One reason is that a buyer will go to an open house and see other potential competitors there. Then the seller’s agent will say that an offer has already come in, which over the next few days turns into three, four, five or even dozens of offers, Amar said.

“Buyers at times feel like they don’t have time to think,” he explained. “There’s an element of shopper’s exhaustion and pressure to pull the trigger fast,” leading people to pay a price they may come to regret.

But then, that’s the nature of the market here. “When I first started, when you wrote an offer that had aggressive terms or waived contingencies, most listing agents said, ‘You seem very aggressive.’ These days, it’s become the standard.”

“Buyer interest” letters are common in ultra-competitive housing markets like California’s, even though they raise questions of discrimination.

That shift toward offers with more risk and over-asking bids is hard to accept for some folks who bought their houses years ago.

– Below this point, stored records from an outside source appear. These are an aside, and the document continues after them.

(* Let $G$ be a graph, let $v$ be a leaf (vertex of degree $1$) of $G$, and let $N(v)=\{w\}$. Then $$\phi(G)\le \sum_{u\in N(w)\setminus\{v\}}\phi\big(G-(N[w]\cup N[u])\big)+\phi(G-v-w)+\phi(G-N[w]).$$
   Context: Graphs are finite and simple. $N(v)$ is the neighborhood of $v$, $N[v]=N(v)\cup\{v\}$, and $G-S$ is the subgraph induced by $V(G)\setminus S$. A subset $F$ of vertices is a dissociation set if $G[F]$ has maximum degree at most $1$; a maximal dissociation set is one not properly contained in another dissociation set; $\phi(G)$ is the number of maximal dissociation sets of $G$, with $\phi=1$ for the graph with no vertices. *)

theory Defs
  imports Main
begin

text \<open>Induced subgraphs G - S are represented
  by the vertex set V - S with the same (restricted) edge relation.\<close>

definition simple_graph :: "'a set \<Rightarrow> ('a \<Rightarrow> 'a \<Rightarrow> bool) \<Rightarrow> bool" where
  "simple_graph V E \<longleftrightarrow> finite V \<and> (\<forall>x\<in>V. \<forall>y\<in>V. E x y \<longrightarrow> E y x) \<and> (\<forall>x\<in>V. \<not> E x x)"

definition nbhd :: "'a set \<Rightarrow> ('a \<Rightarrow> 'a \<Rightarrow> bool) \<Rightarrow> 'a \<Rightarrow> 'a set" where
  "nbhd V E v = {u \<in> V. E v u}"

definition cnbhd :: "'a set \<Rightarrow> ('a \<Rightarrow> 'a \<Rightarrow> bool) \<Rightarrow> 'a \<Rightarrow> 'a set" where
  "cnbhd V E v = insert v (nbhd V E v)"

definition dissociation_set :: "'a set \<Rightarrow> ('a \<Rightarrow> 'a \<Rightarrow> bool) \<Rightarrow> 'a set \<Rightarrow> bool" where
  "dissociation_set V E F \<longleftrightarrow> F \<subseteq> V \<and> (\<forall>x\<in>F. card (nbhd F E x) \<le> 1)"

definition maximal_dissociation_set :: "'a set \<Rightarrow> ('a \<Rightarrow> 'a \<Rightarrow> bool) \<Rightarrow> 'a set \<Rightarrow> bool" where
  "maximal_dissociation_set V E F \<longleftrightarrow> dissociation_set V E F \<and>
     (\<forall>F'. dissociation_set V E F' \<and> F \<subseteq> F' \<longrightarrow> F' = F)"

text \<open>Number of maximal dissociation sets of G[V]; for V = {} this is 1 (only the empty set).\<close>
definition phi :: "'a set \<Rightarrow> ('a \<Rightarrow> 'a \<Rightarrow> bool) \<Rightarrow> nat" where
  "phi V E = card {F. maximal_dissociation_set V E F}"

end

theory Submission
  imports Defs
begin

text \<open>Split the maximal dissociation sets F of G according to how they meet the leaf v and
  its neighbour w. If v \<notin> F, maximality forces w \<in> F together with a partner u \<in> N(w) - {v}
  (otherwise v could be added); if v \<in> F, then either w \<in> F or w \<notin> F. In each class, the
  vertices D of F among v, w, u have no further neighbours in F, so F - D is a maximal
  dissociation set of G - N[D], which is G - (N[w] \<union> N[u]), G - N[w] or G - v - w
  respectively; as F \<mapsto> F - D is injective, each class is counted by the corresponding term.\<close>

lemma simple_graphD:
  assumes "simple_graph V E"
  shows "finite V" and "x \<in> V \<Longrightarrow> y \<in> V \<Longrightarrow> E x y \<Longrightarrow> E y x" and "x \<in> V \<Longrightarrow> \<not> E x x"
  using assms unfolding simple_graph_def by auto

lemma finite_maximal_dissociation_sets:
  assumes "finite V"
  shows "finite {F. maximal_dissociation_set V E F}"
  by (rule finite_subset[of _ "Pow V"])
    (use assms in \<open>auto simp: maximal_dissociation_set_def dissociation_set_def\<close>)

lemma dissociation_set_subset:
  assumes "finite V" "dissociation_set V E F" "H \<subseteq> F"
  shows "dissociation_set V E H"
proof -
  have "card (nbhd H E x) \<le> 1" if "x \<in> H" for x
  proof -
    have "finite (nbhd F E x)"
      using assms finite_subset unfolding dissociation_set_def nbhd_def by fastforce
    moreover have "nbhd H E x \<subseteq> nbhd F E x" using assms(3) unfolding nbhd_def by auto
    ultimately have "card (nbhd H E x) \<le> card (nbhd F E x)" by (rule card_mono)
    thus ?thesis using assms that unfolding dissociation_set_def by fastforce
  qed
  thus ?thesis using assms unfolding dissociation_set_def by auto
qed

lemma dissociation_set_pair:
  assumes "simple_graph V E" "a \<in> V" "b \<in> V"
  shows "dissociation_set V E {a, b}"
proof -
  have "nbhd {a, b} E x \<subseteq> {a, b} - {x}" if "x \<in> {a, b}" for x
    using that simple_graphD(3)[OF assms(1)] assms(2,3) unfolding nbhd_def by auto
  moreover have "card ({a, b} - {x}) \<le> 1" if "x \<in> {a, b}" for x
    using that by (cases "a = b") auto
  ultimately have "card (nbhd {a, b} E x) \<le> 1" if "x \<in> {a, b}" for x
    using that card_mono[of "{a, b} - {x}"]
    by (meson finite.emptyI finite.insertI finite_Diff le_trans)
  thus ?thesis using assms unfolding dissociation_set_def by auto
qed

lemma dissociation_set_Un:
  assumes G: "simple_graph V E"
    and "dissociation_set V E A" "dissociation_set V E D"
    and no_edge: "\<forall>a\<in>A. \<forall>d\<in>D. \<not> E a d"
  shows "dissociation_set V E (A \<union> D)"
proof -
  have AV: "A \<subseteq> V" and DV: "D \<subseteq> V" using assms unfolding dissociation_set_def by auto
  have nbhd_Un: "nbhd (A \<union> D) E x = nbhd A E x \<union> nbhd D E x" for x
    unfolding nbhd_def by auto
  have "nbhd D E x = {}" if "x \<in> A" for x
    using that no_edge unfolding nbhd_def by auto
  moreover have "nbhd A E x = {}" if "x \<in> D" for x
    using that no_edge AV DV simple_graphD(2)[OF G] unfolding nbhd_def by blast
  ultimately show ?thesis using assms(2,3) unfolding nbhd_Un dissociation_set_def by auto
qed

lemma dissociation_set_nbr_unique:
  assumes "finite V" "dissociation_set V E F"
    and "x \<in> F" "a \<in> F" "b \<in> F" "E x a" "E x b"
  shows "a = b"
proof -
  have "finite (nbhd F E x)"
    using assms finite_subset unfolding dissociation_set_def nbhd_def by fastforce
  moreover have "card (nbhd F E x) \<le> Suc 0" using assms unfolding dissociation_set_def by auto
  ultimately show "a = b" using assms card_le_Suc0_iff_eq unfolding nbhd_def by fastforce
qed

lemma maximal_dissociation_set_Diff:
  assumes G: "simple_graph V E" and M: "maximal_dissociation_set V E F"
    and DF: "D \<subseteq> F" and W: "W \<subseteq> V - (\<Union>d\<in>D. cnbhd V E d)" and FW: "F - D \<subseteq> W"
  shows "maximal_dissociation_set W E (F - D)"
proof -
  have fin: "finite V" using simple_graphD(1)[OF G] .
  have dF: "dissociation_set V E F" using M unfolding maximal_dissociation_set_def by auto
  have dD: "dissociation_set V E D" using dissociation_set_subset[OF fin dF DF] .
  have "dissociation_set W E (F - D)"
    using dissociation_set_subset[OF fin dF, of "F - D"] FW unfolding dissociation_set_def by auto
  moreover have "F' = F - D" if F': "dissociation_set W E F'" "F - D \<subseteq> F'" for F'
  proof -
    have F'W: "F' \<subseteq> W" using F' unfolding dissociation_set_def by auto
    have "\<forall>x\<in>F'. \<forall>d\<in>D. \<not> E x d"
      using F'W W DF dF simple_graphD(2)[OF G]
      unfolding cnbhd_def nbhd_def dissociation_set_def by blast
    moreover have "dissociation_set V E F'" using F' F'W W unfolding dissociation_set_def by auto
    ultimately have "dissociation_set V E (F' \<union> D)" using dissociation_set_Un[OF G _ dD] by blast
    moreover have "F \<subseteq> F' \<union> D" using F' by auto
    ultimately have "F' \<union> D = F" using M unfolding maximal_dissociation_set_def by blast
    thus ?thesis using F'W W DF unfolding cnbhd_def by auto
  qed
  ultimately show ?thesis unfolding maximal_dissociation_set_def by auto
qed

lemma maximal_dissociation_set_remove_edge:
  assumes G: "simple_graph V E" and M: "maximal_dissociation_set V E F"
    and "a \<in> F" "b \<in> F" "E a b"
  shows "maximal_dissociation_set (V - (cnbhd V E a \<union> cnbhd V E b)) E (F - {a, b})"
proof (rule maximal_dissociation_set_Diff[OF G M])
  have fin: "finite V" using simple_graphD(1)[OF G] .
  have dF: "dissociation_set V E F" and FV: "F \<subseteq> V"
    using M unfolding maximal_dissociation_set_def dissociation_set_def by auto
  have "E b a" using simple_graphD(2)[OF G] assms(3-5) FV by auto
  hence "\<not> E a x \<and> \<not> E b x" if "x \<in> F - {a, b}" for x
    using that assms(3-5) dissociation_set_nbr_unique[OF fin dF] by blast
  thus "F - {a, b} \<subseteq> V - (cnbhd V E a \<union> cnbhd V E b)"
    using FV unfolding cnbhd_def nbhd_def by auto
qed (use assms in auto)

lemma maximal_dissociation_set_remove_isolated:
  assumes G: "simple_graph V E" and M: "maximal_dissociation_set V E F"
    and "a \<in> F" "\<forall>x\<in>F. \<not> E a x"
  shows "maximal_dissociation_set (V - cnbhd V E a) E (F - {a})"
proof (rule maximal_dissociation_set_Diff[OF G M])
  show "F - {a} \<subseteq> V - cnbhd V E a"
    using assms unfolding maximal_dissociation_set_def dissociation_set_def cnbhd_def nbhd_def
    by auto
qed (use assms in auto)

lemma card_le_phi_Diff:
  assumes "finite W" and X: "\<And>F. F \<in> X \<Longrightarrow> D \<subseteq> F \<and> maximal_dissociation_set W E (F - D)"
  shows "card X \<le> phi W E"
  unfolding phi_def
proof (rule card_inj_on_le)
  show "inj_on (\<lambda>F. F - D) X" by (rule inj_onI) (metis Diff_partition X)
  show "(\<lambda>F. F - D) ` X \<subseteq> {F. maximal_dissociation_set W E F}" using X by auto
  show "finite {F. maximal_dissociation_set W E F}"
    using finite_maximal_dissociation_sets[OF assms(1)] .
qed

locale graph_leaf =
  fixes V :: "'a set" and E :: "'a \<Rightarrow> 'a \<Rightarrow> bool" and v w :: 'a
  assumes simple: "simple_graph V E" and leaf: "v \<in> V" and nbhd_leaf: "nbhd V E v = {w}"
begin

lemma leaf_nbr_in_V: "w \<in> V" and leaf_edge: "E v w" "E w v"
  and leaf_nbr_unique: "x \<in> V \<Longrightarrow> E v x \<Longrightarrow> x = w"
  using nbhd_leaf simple_graphD(2)[OF simple] leaf unfolding nbhd_def by auto

lemma cnbhd_leaf: "cnbhd V E v = {v, w}"
  using nbhd_leaf unfolding cnbhd_def by auto

lemma leaf_cnbhd_subset: "cnbhd V E v \<subseteq> cnbhd V E w"
  using cnbhd_leaf leaf leaf_edge unfolding cnbhd_def nbhd_def by auto

lemma maximal_without_leaf:
  assumes M: "maximal_dissociation_set V E F" and "v \<notin> F"
  shows "w \<in> F \<and> (\<exists>u\<in>F. E w u)"
proof (rule ccontr)
  assume contra: "\<not> (w \<in> F \<and> (\<exists>u\<in>F. E w u))"
  have fin: "finite V" using simple_graphD(1)[OF simple] .
  have dF: "dissociation_set V E F" and FV: "F \<subseteq> V"
    using M unfolding maximal_dissociation_set_def dissociation_set_def by auto
  define D where "D = insert v (F \<inter> {w})"
  have "dissociation_set V E D"
    by (rule dissociation_set_subset[OF fin dissociation_set_pair[OF simple leaf leaf_nbr_in_V]])
      (auto simp: D_def)
  moreover have "\<forall>x\<in>F - {w}. \<forall>d\<in>D. \<not> E x d"
  proof (intro ballI)
    fix x d assume x: "x \<in> F - {w}" and d: "d \<in> D"
    have xV: "x \<in> V" using x FV by auto
    have "\<not> E x v" using x leaf_nbr_unique[OF xV] simple_graphD(2)[OF simple xV leaf] by auto
    moreover have "\<not> E x w" if "w \<in> F"
      using x that contra simple_graphD(2)[OF simple xV leaf_nbr_in_V] by auto
    ultimately show "\<not> E x d" using d unfolding D_def by auto
  qed
  ultimately have "dissociation_set V E ((F - {w}) \<union> D)"
    by (intro dissociation_set_Un[OF simple dissociation_set_subset[OF fin dF]]) auto
  moreover have "F \<subseteq> (F - {w}) \<union> D" unfolding D_def by auto
  ultimately have "(F - {w}) \<union> D = F" using M unfolding maximal_dissociation_set_def by blast
  thus False using \<open>v \<notin> F\<close> unfolding D_def by auto
qed

lemma maximal_dissociation_set_leaf_cases:
  assumes M: "maximal_dissociation_set V E F"
  shows "(\<exists>u\<in>nbhd V E w - {v}. v \<notin> F \<and> w \<in> F \<and> u \<in> F)
    \<or> (v \<in> F \<and> w \<in> F) \<or> (v \<in> F \<and> w \<notin> F)"
proof (cases "v \<in> F")
  case False
  then obtain u where "w \<in> F" "u \<in> F" "E w u" using maximal_without_leaf[OF M] by blast
  moreover have "u \<in> V"
    using M \<open>u \<in> F\<close> unfolding maximal_dissociation_set_def dissociation_set_def by auto
  ultimately show ?thesis using False unfolding nbhd_def by auto
qed auto

lemma card_without_leaf:
  assumes u: "u \<in> nbhd V E w - {v}"
  shows "card {F. maximal_dissociation_set V E F \<and> v \<notin> F \<and> w \<in> F \<and> u \<in> F}
           \<le> phi (V - (cnbhd V E w \<union> cnbhd V E u)) E"
proof (rule card_le_phi_Diff)
  show "finite (V - (cnbhd V E w \<union> cnbhd V E u))" using simple_graphD(1)[OF simple] by auto
  have "E w u" using u unfolding nbhd_def by auto
  thus "{w, u} \<subseteq> F \<and> maximal_dissociation_set (V - (cnbhd V E w \<union> cnbhd V E u)) E (F - {w, u})"
    if "F \<in> {F. maximal_dissociation_set V E F \<and> v \<notin> F \<and> w \<in> F \<and> u \<in> F}" for F
    using that maximal_dissociation_set_remove_edge[OF simple] by auto
qed

lemma card_with_leaf_and_nbr:
  "card {F. maximal_dissociation_set V E F \<and> v \<in> F \<and> w \<in> F} \<le> phi (V - cnbhd V E w) E"
proof (rule card_le_phi_Diff)
  show "finite (V - cnbhd V E w)" using simple_graphD(1)[OF simple] by auto
  have "V - (cnbhd V E v \<union> cnbhd V E w) = V - cnbhd V E w" using leaf_cnbhd_subset by auto
  thus "{v, w} \<subseteq> F \<and> maximal_dissociation_set (V - cnbhd V E w) E (F - {v, w})"
    if "F \<in> {F. maximal_dissociation_set V E F \<and> v \<in> F \<and> w \<in> F}" for F
    using that maximal_dissociation_set_remove_edge[OF simple _ _ _ leaf_edge(1)] by auto
qed

lemma card_with_leaf_only:
  "card {F. maximal_dissociation_set V E F \<and> v \<in> F \<and> w \<notin> F} \<le> phi (V - {v, w}) E"
proof (rule card_le_phi_Diff)
  show "finite (V - {v, w})" using simple_graphD(1)[OF simple] by auto
  show "{v} \<subseteq> F \<and> maximal_dissociation_set (V - {v, w}) E (F - {v})"
    if "F \<in> {F. maximal_dissociation_set V E F \<and> v \<in> F \<and> w \<notin> F}" for F
  proof -
    have isolated: "\<forall>x\<in>F. \<not> E v x"
      using that leaf_nbr_unique unfolding maximal_dissociation_set_def dissociation_set_def
      by blast
    show ?thesis
      using maximal_dissociation_set_remove_isolated[OF simple _ _ isolated] that
      by (auto simp: cnbhd_leaf)
  qed
qed

end

theorem lemma2p3:
  fixes V :: "'a set" and E :: "'a \<Rightarrow> 'a \<Rightarrow> bool" and v w :: 'a
  assumes "simple_graph V E"
    and "v \<in> V"
    and "nbhd V E v = {w}"
  shows "phi V E \<le>
           (\<Sum>u \<in> nbhd V E w - {v}. phi (V - (cnbhd V E w \<union> cnbhd V E u)) E)
           + phi (V - {v, w}) E
           + phi (V - cnbhd V E w) E"
proof -
  interpret graph_leaf V E v w using assms by unfold_locales
  define A where "A u = {F. maximal_dissociation_set V E F \<and> v \<notin> F \<and> w \<in> F \<and> u \<in> F}" for u
  define B where "B = {F. maximal_dissociation_set V E F \<and> v \<in> F \<and> w \<in> F}"
  define C where "C = {F. maximal_dissociation_set V E F \<and> v \<in> F \<and> w \<notin> F}"
  have "{F. maximal_dissociation_set V E F} = (\<Union>u\<in>nbhd V E w - {v}. A u) \<union> C \<union> B"
    using maximal_dissociation_set_leaf_cases by (auto simp: A_def B_def C_def)
  hence "phi V E = card ((\<Union>u\<in>nbhd V E w - {v}. A u) \<union> C \<union> B)"
    unfolding phi_def by simp
  also have "\<dots> \<le> card (\<Union>u\<in>nbhd V E w - {v}. A u) + card C + card B"
    by (meson add_right_mono card_Un_le le_trans)
  also have "card (\<Union>u\<in>nbhd V E w - {v}. A u) \<le> (\<Sum>u\<in>nbhd V E w - {v}. card (A u))"
    using simple_graphD(1)[OF assms(1)] by (intro card_UN_le) (auto simp: nbhd_def)
  also have "\<dots> \<le> (\<Sum>u\<in>nbhd V E w - {v}. phi (V - (cnbhd V E w \<union> cnbhd V E u)) E)"
    unfolding A_def by (intro sum_mono card_without_leaf)
  finally show ?thesis using card_with_leaf_only card_with_leaf_and_nbr
    unfolding B_def C_def by linarith
qed

end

“At one point, we wrote an offer for $30,000 over the asking price, and my dad asked if our agent was trying to screw us,” said Kaitlynne Sanfilippo, who eventually found a home in Long Beach. “He suggested we write an offer for $1 over asking, but we told him that’s not the world we live in anymore. Like, we’re happy for you and your 30-year mortgage, but we won’t get the house if that’s what we do.”

Buying off the market

Marc Stenchever was no stranger to hot real estate markets, having bought his current home in Seattle in the 1990s. Still, he was taken aback by the bidding wars he encountered when he and his brother Mike went shopping in 2020 for a winter home in Southern California.

What they found was that places were being “pre-listed,” giving real estate agents a preview and priming the pump for bids, said Stenchever, a retired public defender. Then when the homes formally hit the market, they would draw multiple offers the first day, he said.

The brothers found themselves outbid, sometimes dramatically so, even when they came in over the asking price. His takeaway? “It’s insane.”

“We were probably unrealistic when we started out because we thought, based on what we were seeing on Zillow or whatever, that it was possible to get a place for less than what they actually were selling for,” Stenchever said. Making matters worse, he said, prices “probably went up 8 or 10% when we were looking.”

The only way they were able to buy, he said, was because he “sweet-talked a Realtor who was working with a builder on new construction.” The project was a townhome complex in Oceanside about five blocks from the Pacific, and the developer had decided to put only half of the units on the market, Stenchever said. The other half would be sold at a fixed price to people who signed up for them.

Naturally, more people signed up than there were units. “We thought there was no chance we were going to get one of those,” he said. But one Saturday the agent called and said the brothers could have one of the townhomes if they put up the earnest money deposit on Monday, which they did. The 1,500-square-foot three-bedroom, three-bath unit sold for about $820,000, he said — plus the added cost of the flooring, appliances and paint that were needed to finish the home.

Stenchever said that if every unit in the complex had been put on the market, they probably would have sold for more than he paid for his. So he feels lucky to have gotten a home in Southern California.

Many successful buyers would tell you the very same thing.